# [SUPPLIED DATA]

(* Let $M$ be an exact $\mathfrak{K}$-module. Then there are isomorphisms $\ker(1-t_2)/\ker\alpha_{02}\cong\ker N(s_1)/\ker\alpha_{01}$, $\operatorname{im}\alpha_{20}/\operatorname{im}(1-t_2)\cong\operatorname{im}\alpha_{10}/\operatorname{im}N(s_1)$, $\ker(1-t_0)/\ker\alpha_{20}\cong\ker(1-s_1)/\ker\alpha_{21}$, $\operatorname{im}\alpha_{02}/\operatorname{im}(1-t_0)\cong\operatorname{im}\alpha_{12}/\operatorname{im}(1-s_1)$, $\ker N(t_0)/\ker\alpha_{10}\cong\ker(1-s_2)/\ker\alpha_{12}$, $\operatorname{im}\alpha_{01}/\operatorname{im}N(t_0)\cong\operatorname{im}\alpha_{21}/\operatorname{im}(1-s_2)$; in particular, for each quotient $X/Y$ above, $Y\subseteq X$.
   Context: Fix a prime $p$ and let $N(x)=1+x+\dots+x^{p-1}$. A ($\mathbb{Z}/2$-graded) $\mathfrak{K}$-module $M$ amounts to $\mathbb{Z}/2$-graded abelian groups $M_0,M_1,M_2$ with homomorphisms $\alpha_{jk}=\alpha^M_{jk}\colon M_k\to M_j$ for $j\ne k$ in $\{0,1,2\}$ ($\alpha_{12},\alpha_{21}$ grading-reversing, the others grading-preserving) such that $\alpha_{jk}\circ\alpha_{km}=0$ whenever $\{j,k,m\}=\{0,1,2\}$ and, writing $t_0:=1-\alpha_{02}\alpha_{20}$ on $M_0$, $s_1:=1-\alpha_{12}\alpha_{21}$ on $M_1$, $t_2:=1-\alpha_{20}\alpha_{02}$ and $s_2:=1-\alpha_{21}\alpha_{12}$ on $M_2$: $\alpha_{01}\alpha_{10}=N(t_0)$, $\alpha_{10}\alpha_{01}=N(s_1)$, $N(t_2)+N(s_2)=p\cdot\mathrm{id}_{M_2}$. (This is the module-level form of the presentation of Köhler's ring $\mathfrak{K}$.) $M$ is exact if the cyclic sequences $M_0\xrightarrow{\alpha_{10}}M_1\xrightarrow{\alpha_{21}}M_2\xrightarrow{\alpha_{02}}M_0$ and $M_0\xrightarrow{\alpha_{20}}M_2\xrightarrow{\alpha_{12}}M_1\xrightarrow{\alpha_{01}}M_0$ are exact at every place. *)

theory Defs
  imports "HOL-Algebra.Group" "HOL-Algebra.Coset" "HOL-Computational_Algebra.Primes"
begin

definition additive :: "('a::ab_group_add \<Rightarrow> 'b::ab_group_add) \<Rightarrow> bool" where
  "additive f \<longleftrightarrow> (\<forall>x y. f (x + y) = f x + f y)"

definition add_subgroup :: "'a::ab_group_add set \<Rightarrow> bool" where
  "add_subgroup S \<longleftrightarrow> 0 \<in> S \<and> (\<forall>x\<in>S. \<forall>y\<in>S. x - y \<in> S)"

definition kernel :: "('a \<Rightarrow> 'b::zero) \<Rightarrow> 'a set" where
  "kernel f = {x. f x = 0}"

definition image :: "('a \<Rightarrow> 'b) \<Rightarrow> 'b set" where
  "image f = range f"

definition subgrp :: "'a::ab_group_add set \<Rightarrow> 'a monoid" where
  "subgrp X = \<lparr>carrier = X, monoid.mult = (+), one = 0\<rparr>"

definition Nop :: "nat \<Rightarrow> ('a::ab_group_add \<Rightarrow> 'a) \<Rightarrow> 'a \<Rightarrow> 'a" where
  "Nop p f x = (\<Sum>i<p. (f ^^ i) x)"

definition z2_grading :: "'a::ab_group_add set \<Rightarrow> 'a set \<Rightarrow> bool" where
  "z2_grading E Od \<longleftrightarrow> add_subgroup E \<and> add_subgroup Od \<and> E \<inter> Od = {0} \<and>
     (\<forall>x. \<exists>e\<in>E. \<exists>u\<in>Od. x = e + u)"

definition comp :: "'a set \<Rightarrow> 'a set \<Rightarrow> bool \<Rightarrow> 'a set" where
  "comp E Od d = (if d then Od else E)"

definition grading_preserving :: "'a set \<Rightarrow> 'a set \<Rightarrow> 'b set \<Rightarrow> 'b set \<Rightarrow> ('a \<Rightarrow> 'b) \<Rightarrow> bool" where
  "grading_preserving E Od E' Od' f \<longleftrightarrow> f ` E \<subseteq> E' \<and> f ` Od \<subseteq> Od'"

definition grading_reversing :: "'a set \<Rightarrow> 'a set \<Rightarrow> 'b set \<Rightarrow> 'b set \<Rightarrow> ('a \<Rightarrow> 'b) \<Rightarrow> bool" where
  "grading_reversing E Od E' Od' f \<longleftrightarrow> f ` E \<subseteq> Od' \<and> f ` Od \<subseteq> E'"

text \<open>For subgroups Y \<subseteq> X of a graded group (E,Od) and Y' \<subseteq> X' of a graded group (E',Od'):
  X/Y and X'/Y' are isomorphic as Z/2-graded abelian groups (allowing a parity shift e):
  there is a group isomorphism of the quotient groups sending the class of each homogeneous
  element of degree d to the class of a homogeneous element of degree d + e.\<close>
definition graded_quot_iso ::
  "'a::ab_group_add set \<Rightarrow> 'a set \<Rightarrow> 'a set \<Rightarrow> 'a set \<Rightarrow>
   'b::ab_group_add set \<Rightarrow> 'b set \<Rightarrow> 'b set \<Rightarrow> 'b set \<Rightarrow> bool" where
  "graded_quot_iso E Od X Y E' Od' X' Y' \<longleftrightarrow>
     add_subgroup X \<and> add_subgroup Y \<and> add_subgroup X' \<and> add_subgroup Y' \<and>
     Y \<subseteq> X \<and> Y' \<subseteq> X' \<and>
     (\<exists>\<phi> e. \<phi> \<in> iso (subgrp X Mod Y) (subgrp X' Mod Y') \<and>
        (\<forall>d. \<forall>x\<in>X \<inter> comp E Od d. \<exists>x'\<in>X' \<inter> comp E' Od' (d \<noteq> e).
            \<phi> (r_coset (subgrp X) Y x) = r_coset (subgrp X') Y' x'))"

record ('a, 'b, 'c) kmod =
  ev0 :: "'a set"  od0 :: "'a set"
  ev1 :: "'b set"  od1 :: "'b set"
  ev2 :: "'c set"  od2 :: "'c set"
  a01 :: "'b \<Rightarrow> 'a"  a10 :: "'a \<Rightarrow> 'b"
  a02 :: "'c \<Rightarrow> 'a"  a20 :: "'a \<Rightarrow> 'c"
  a12 :: "'c \<Rightarrow> 'b"  a21 :: "'b \<Rightarrow> 'c"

# [TRY IT]
Quote, without alteration, the final stretch of the entries: the line with "there is a group" onward to the last line.

# [THE ANSWER]
  there is a group isomorphism of the quotient groups sending the class of each homogeneous
  element of degree d to the class of a homogeneous element of degree d + e.\<close>
definition graded_quot_iso ::
  "'a::ab_group_add set \<Rightarrow> 'a set \<Rightarrow> 'a set \<Rightarrow> 'a set \<Rightarrow>
   'b::ab_group_add set \<Rightarrow> 'b set \<Rightarrow> 'b set \<Rightarrow> 'b set \<Rightarrow> bool" where
  "graded_quot_iso E Od X Y E' Od' X' Y' \<longleftrightarrow>
     add_subgroup X \<and> add_subgroup Y \<and> add_subgroup X' \<and> add_subgroup Y' \<and>
     Y \<subseteq> X \<and> Y' \<subseteq> X' \<and>
     (\<exists>\<phi> e. \<phi> \<in> iso (subgrp X Mod Y) (subgrp X' Mod Y') \<and>
        (\<forall>d. \<forall>x\<in>X \<inter> comp E Od d. \<exists>x'\<in>X' \<inter> comp E' Od' (d \<noteq> e).
            \<phi> (r_coset (subgrp X) Y x) = r_coset (subgrp X') Y' x'))"

record ('a, 'b, 'c) kmod =
  ev0 :: "'a set"  od0 :: "'a set"
  ev1 :: "'b set"  od1 :: "'b set"
  ev2 :: "'c set"  od2 :: "'c set"
  a01 :: "'b \<Rightarrow> 'a"  a10 :: "'a \<Rightarrow> 'b"
  a02 :: "'c \<Rightarrow> 'a"  a20 :: "'a \<Rightarrow> 'c"
  a12 :: "'c \<Rightarrow> 'b"  a21 :: "'b \<Rightarrow> 'c"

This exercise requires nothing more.